Pick every line from the data that holds the word "real".

Start of Material to process

(* For every positive integer $n$, \[ \sum_{k=1}^{n}(8k+1)\frac{(\tfrac{1}{2})_k(\tfrac{1}{4})_k(\tfrac{3}{4})_k}{k!^3}\frac{(\tfrac{1}{2}+n)_k(-n)_k}{(\tfrac{3}{2}+3n)_k(-3n)_k}\sum_{i=1}^{k}\left\{\frac{1}{(2i-1)^2}-\frac{1}{36i^2}\right\} =\frac{1}{9}\,\frac{(\tfrac{1}{2})_n^2(\tfrac{5}{6})_n(\tfrac{7}{6})_n}{n!^2(\tfrac{1}{3})_n(\tfrac{2}{3})_n}\sum_{j=1}^{2n}\frac{(-1)^{j-1}}{j^2}. \]
   Context: For a complex number $x$ and a nonnegative integer $n$, $(x)_n=x(x+1)\cdots(x+n-1)$ denotes the shifted factorial (Pochhammer symbol), with $(x)_0=1$. *)

theory Defs
  imports Complex_Main
begin

end

theory Submission
  imports Defs
begin

text \<open>
  A Wilf-Zeilberger argument. Let F(n,k) = (8k+1) a(k) b(n,k) / c(n), where a(k), b(n,k) and c(n)
  are the three hypergeometric factors of the statement, and E(n,k) = H(k) - A(n)/9, where H(k) and
  A(n) are the inner sums on the left and on the right. With explicit rational certificates R and S,
  the functions G(n,k) = F(n+1,k) R(n,k) and G'(n,k) = F(n+1,k) (R(n,k) E(n+1,k) - S(n,k)) satisfy
  F(n+1,k) - F(n,k) = G(n,k+1) - G(n,k) and
  F(n+1,k) E(n+1,k) - F(n,k) E(n,k) = G'(n,k+1) - G'(n,k) for 0 <= k <= n+1.
  As F(n,n+1) = 0 and G, G' vanish at k = 0 and k = n+2, summing over k shows that
  sum_k F(n,k) and sum_k F(n,k) E(n,k) do not depend on n; at n = 1 they are 1 and 0.
  Since H(k) = E(n,k) + A(n)/9, the left-hand side equals c(n) (0 + A(n)/9).
\<close>

section \<open>Pochhammer symbols and telescoping\<close>

lemma pochhammer_shift:
  fixes x :: "'a::comm_semiring_1"
  shows "pochhammer x k * pochhammer (x + of_nat k) m
       = pochhammer (x + of_nat m) k * pochhammer x m"
  using pochhammer_product'[of x k m] pochhammer_product'[of x m k]
  by (simp add: add.commute mult.commute)

lemma pochhammer_shift_up:
  fixes x :: "'a::field"
  assumes "pochhammer (x + of_nat k) m \<noteq> 0"
  shows "pochhammer x k
       = pochhammer (x + of_nat m) k * (pochhammer x m / pochhammer (x + of_nat k) m)"
  using pochhammer_shift[of x k m] assms by (simp add: field_simps)

lemma pochhammer_shift_down:
  fixes x :: "'a::field"
  assumes "pochhammer x m \<noteq> 0"
  shows "pochhammer (x + of_nat m) k
       = pochhammer x k * (pochhammer (x + of_nat k) m / pochhammer x m)"
  using pochhammer_shift[of x k m] assms by (simp add: field_simps)

lemma pochhammer_3: "pochhammer x 3 = x * (x + 1) * (x + 2)"
  by (simp add: pochhammer_Suc numeral_3_eq_3)

lemma divide_eq_divide_by_common_factor:
  fixes x y a b c :: "'a::field"
  assumes "x = c * a" "y = c * b" "c \<noteq> 0"
  shows "x / y = a / b"
  using assms by simp

lemma divide_mult_eq_by_cofactor:
  fixes x y a c g D :: "'a::field"
  assumes "x = g * a" "y * c = g * D" "g \<noteq> 0" "y \<noteq> 0"
  shows "x / y * D = a * c"
proof -
  have "x / y * D = g * a * (y * c / g) / y" using assms by simp
  also have "\<dots> = a * c" using assms by (simp add: field_simps)
  finally show ?thesis .
qed

lemma sum_atMost_Suc_eq_by_telescoping:
  fixes f g h :: "nat \<Rightarrow> 'a::ab_group_add"
  assumes "\<And>k. k \<le> Suc n \<Longrightarrow> g k - f k = h (Suc k) - h k"
    and "f (Suc n) = 0" "h 0 = 0" "h (Suc (Suc n)) = 0"
  shows "(\<Sum>k\<le>Suc n. g k) = (\<Sum>k\<le>n. f k)"
proof -
  have "(\<Sum>k\<le>Suc n. g k) = (\<Sum>k\<le>Suc n. f k + (h (Suc k) - h k))"
    by (rule sum.cong) (auto simp: assms(1)[symmetric])
  also have "\<dots> = (\<Sum>k\<le>Suc n. f k) + (\<Sum>k<Suc (Suc n). h (Suc k) - h k)"
    by (simp add: sum.distrib lessThan_Suc_atMost)
  also have "\<dots> = (\<Sum>k\<le>n. f k)"
    using assms(2-4) by (simp add: sum_lessThan_telescope)
  finally show ?thesis .
qed

section \<open>The summand and its ratios\<close>

definition ramanujan_coeff :: "nat \<Rightarrow> real" where
  "ramanujan_coeff k = pochhammer (1/2) k * pochhammer (1/4) k * pochhammer (3/4) k / (fact k) ^ 3"

definition truncation_factor :: "nat \<Rightarrow> nat \<Rightarrow> real" where
  "truncation_factor n k = pochhammer (1/2 + real n) k * pochhammer (- real n) k
     / (pochhammer (3/2 + 3 * real n) k * pochhammer (- 3 * real n) k)"

definition closed_form :: "nat \<Rightarrow> real" where
  "closed_form n = (pochhammer (1/2) n) ^ 2 * pochhammer (5/6) n * pochhammer (7/6) n
     / ((fact n) ^ 2 * pochhammer (1/3) n * pochhammer (2/3) n)"

definition harmonic_sum :: "nat \<Rightarrow> real" where
  "harmonic_sum k = (\<Sum>i=1..k. 1 / (2 * real i - 1) ^ 2 - 1 / (36 * (real i) ^ 2))"

definition alternating_sum :: "nat \<Rightarrow> real" where
  "alternating_sum n = (\<Sum>j=1..2*n. (-1) ^ (j - 1) / (real j) ^ 2)"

End of Material to process

_Answer box_.
definition ramanujan_coeff :: "nat \<Rightarrow> real" where
definition truncation_factor :: "nat \<Rightarrow> nat \<Rightarrow> real" where
  "truncation_factor n k = pochhammer (1/2 + real n) k * pochhammer (- real n) k
     / (pochhammer (3/2 + 3 * real n) k * pochhammer (- 3 * real n) k)"
definition closed_form :: "nat \<Rightarrow> real" where
definition harmonic_sum :: "nat \<Rightarrow> real" where
  "harmonic_sum k = (\<Sum>i=1..k. 1 / (2 * real i - 1) ^ 2 - 1 / (36 * (real i) ^ 2))"
definition alternating_sum :: "nat \<Rightarrow> real" where
  "alternating_sum n = (\<Sum>j=1..2*n. (-1) ^ (j - 1) / (real j) ^ 2)"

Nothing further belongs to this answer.